“你们这几个兔崽子,现在还这么多话,一句句像刀子扎我的心!”斜峰梅姥揪着胸口,凝视孙女灵位,面容苍老憔悴,沉痛之极。
黄忍则一言不发,转身回到座位上,从包裹里取出一节节冰冷暗沉的铁枪,用雪白的白布慢慢擦拭。
尤其是那寒芒颤颤的枪尖,被他像抚弄情人的指尖一样,反复擦拭。
“那个杀人凶手,什么时候到?”他忽然发问。
唇齿间悄然迸发的杀气,似枪尖般锐利。
王擒彪警觉起来,朝他瞪眼,“老黄,那人若是来了,你可不许抢先下手,更不能一个人吃独食!”
“我长枪一丈,不用抢先下手,也不会落于人后,让你们一弹指,又有何妨?”黄忍紧握枪头,骨节发白,浑然不觉手指已被枪头上的棱角划破:
“不过有件事,大家别和我争——交起手来,我必定要将那人一枪穿心,看看他那副铁石心肠,到底有多硬?!”
宅院之中,杀机暗伏。
宅院之外,夜色如魅。
两条人影身姿绰约,狐仙鬼女一般,手提灯笼,踏雾而来,在宅门前犹豫观望片刻,吱呀一声,推门而入。
漆黑的两扇大门重新被关上,仍然紧闭着,似一头无名怪兽饱吞了猎物,心满意足,等待着在不久的将来,再次张开巨口……
天亮之后,半坡上的杂草间,又多出两座新坟。
无碑石,无祭品,无名无姓,冷凄凄,孤零零,无主之坟。
次日黄昏,鸦声嘶哑,钩月斜挂,一位慈眉善目的老者来到两座坟前,立了木碑,带了些供品祭扫。
而两块木碑之上,只简单刻了两个含义不明的名称,分别是:慕大,慕小。
当天深夜,这位老者造访郭府,将一个匣子交给郭业昌。
郭业昌深吸一口气,紧张不安又满怀期待,打开匣子。
一看到眼前之物,他立即咳呛起来,几乎收声不住,直到满脸通红,满眼泪光。
匣子里面装着的,是一颗美人头。
美人头经人整理梳洗过,闭目安睡,恬静妩媚,宛如生前。
郭业昌凝视半晌,悲戚之意渐退,老成之色重现:
“你啊你啊,你只有像现在这样,才会永远属于我郭某人。
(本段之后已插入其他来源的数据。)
(* Let $C$ and $\alpha$ be as in the construction in the context. For every finite set $F\subset C$, every $\varepsilon>0$ and every $N\in\mathbb{N}$ there exist $m\ge N$ (which can be taken to be a power of $2$) and projections $p_0,\dots,p_{m-1}\in C$ such that $\sum_{k=0}^{m-1}p_k = 1$, $\|\alpha(p_k) - p_{k+1}\| < \varepsilon$ for all $k$ (indices modulo $m$), and $\|[p_k,a]\| < \varepsilon$ for all $k$ and all $a\in F$. In particular $\alpha$ has the Rokhlin property.
   Context: Construction. Let $(d(n))_{n\ge 0}$ be natural numbers with $d(0)=1$ and $d(n) > 2^{n-1}$ for $n \ge 1$. Put $l(0)=1$, $l(n) = d(n) + 2^{n-1}$ for $n\ge1$, $r(n) = \prod_{j=0}^n l(j)$, $s(n) = \prod_{j=0}^n d(j)$, and $\kappa = \inf_{n\in\mathbb{N}} s(n)/r(n)$; assume $\kappa > 1/2$ (e.g. $d(n)=10^n$). Let $X_n = (S^2)^{s(n)}$, identified with $X_{n+1} = X_n^{d(n+1)}$, and let $P^{(n)}_j\colon X_{n+1}\to X_n$ ($1\le j\le d(n+1)$) be the $j$-th coordinate projection. Choose points $x_m \in X_m$ ($m\ge 0$) such that for every $n\ge 0$ the set of points $(P^{(n)}_{\nu_1}\circ P^{(n+1)}_{\nu_2}\circ\cdots\circ P^{(m-1)}_{\nu_{m-n}})(x_m)$, over all $m>n$ and all $\nu_j \in \{1,\dots,d(n+j)\}$, is dense in $X_n$. Let $\mathbb{Z}_{2^n} = \mathbb{Z}/2^n\mathbb{Z}$, $\pi_{n,n+1}\colon \mathbb{Z}_{2^{n+1}}\to\mathbb{Z}_{2^n}$ the reduction mod $2^n$. Set $C_n = M_{r(n)} \otimes C(X_n \times \mathbb{Z}_{2^n}) \cong C(X_n\times\mathbb{Z}_{2^n}, M_{r(n)})$, identifying $M_{r(n)} = M_{l(1)}\otimes\cdots\otimes M_{l(n)}$. Define $S_{n,1},\dots,S_{n,l(n+1)}\colon X_{n+1}\times\mathbb{Z}_{2^{n+1}} \to X_n\times \mathbb{Z}_{2^n}$ by $S_{n,j}(x,k) = (P^{(n)}_j(x), \pi_{n,n+1}(k))$ for $1\le j\le d(n+1)$, and $S_{n,d(n+1)+1+j}(x,k) = (x_n, j)$ for $j = 0,1,\dots,2^n-1$. Let $\gamma_n\colon C(X_n\times\mathbb{Z}_{2^n}) \to M_{l(n+1)}(C(X_{n+1}\times\mathbb{Z}_{2^{n+1}}))$, $\gamma_n(f) = \operatorname{diag}(f\circ S_{n,1},\dots,f\circ S_{n,l(n+1)})$, and $\Gamma_{n+1,n} = \mathrm{id}_{M_{r(n)}}\otimes\gamma_n\colon C_n\to C_{n+1}$; $\Gamma_{n,m}$ denote the composites and $C = \varinjlim C_n$ with canonical maps $\Gamma_{\infty,m}\colon C_m\to C$. For $n\ge1$ let $v_n\in M_{l(n)}$ be the unitary $v_n = \sum_{j=1}^{d(n)} e_{j,j} + \sum_{j=1}^{2^{n-1}-1} e_{d(n)+j,\,d(n)+j+1} + e_{d(n)+2^{n-1},\,d(n)+1}$ (identity on the first $d(n)$ coordinates, cyclic permutation of the last $2^{n-1}$), let $u_n = v_1\otimes\cdots\otimes v_n \in M_{r(n)}$ ($u_0=1$), and define automorphisms $\alpha_n$ of $C_n$ by $\alpha_n(f)(x,k) = u_n f(x, k+1) u_n^*$. These satisfy $\alpha_{n+1}\circ\Gamma_{n+1,n} = \Gamma_{n+1,n}\circ\alpha_n$, and $\alpha$ denotes the induced automorphism of $C$. *)

theory Defs
  imports "HOL-Analysis.Analysis"
begin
可是得到这样的你,是我的幸运呢,还是我的不幸呢?”
身后的老者道:“人生苦短,能够及时行乐,就是一大幸事。”
“哈哈,翁门主说得好!”郭业昌抚掌道。
接着又问:“能让美人起死回生的那种幻局,可以持续多长时日?”
翁皓愚答道:“在我手上,这颗人头能够鲜活如生地保存个把月,所以这美人幻局嘛,也就只有一月之期。”
郭业昌:“之后呢?”
“之后我要用特殊的方法处理人头,让郭老爷可以永久保留,直到你把它带进棺材里去。”
“你为我做这些,想得到什么回报?”
“我嘛,呵呵,希望郭老爷暂时收留我几天,然后给我找一个大靠山,保护我余生平安,无灾无患。”
“保护你?难道现在有人要对付你?”
“我暗中帮助吕啸颠夫妇夺权,孙敬瞻肯定不会轻易放过我,得罪了他,你说我往后还有安稳的日子么?”
“你想找谁做靠山?”
“沙万凋和他的横陆帮。”
“你倒是很会选,不过你有什么办法,能让沙万凋为了保护你而对抗全丕派?”
“嘿嘿,这就不劳郭老爷费心了。”
“好,那我还是替自己费心吧——这种事,你为何找上我?”
“你是全丕派的金主之一,孙敬瞻必须要给你几分面子,而你同时又跟沙万凋有来往,是他一心想争取过去的人物,你说的话,在他面前很有份量。”
“翁门主果然打得一手好算盘,不愧与吾辈是同道中人。”
“郭老爷这么说,是答应了?”
“答不答应,还要看今晚你这美人幻局的效果如何。”
“今晚?我可听说郭老爷从不在夜间办事。”
“凡事总有例外。”郭业昌注视匣中美人头,眼里不知是脉脉深情,还是冷酷无情,“为了她,我已经不是第一次破例了。”
“郭老爷对她痴心一片,天地可鉴,想必她在九泉之下,也会感动不已。”翁皓愚脸上,谄笑浮现,“不过情爱之事,可以滋润心田,也可耗损元精。接下来的一个月,郭老爷还要有所节制才好。”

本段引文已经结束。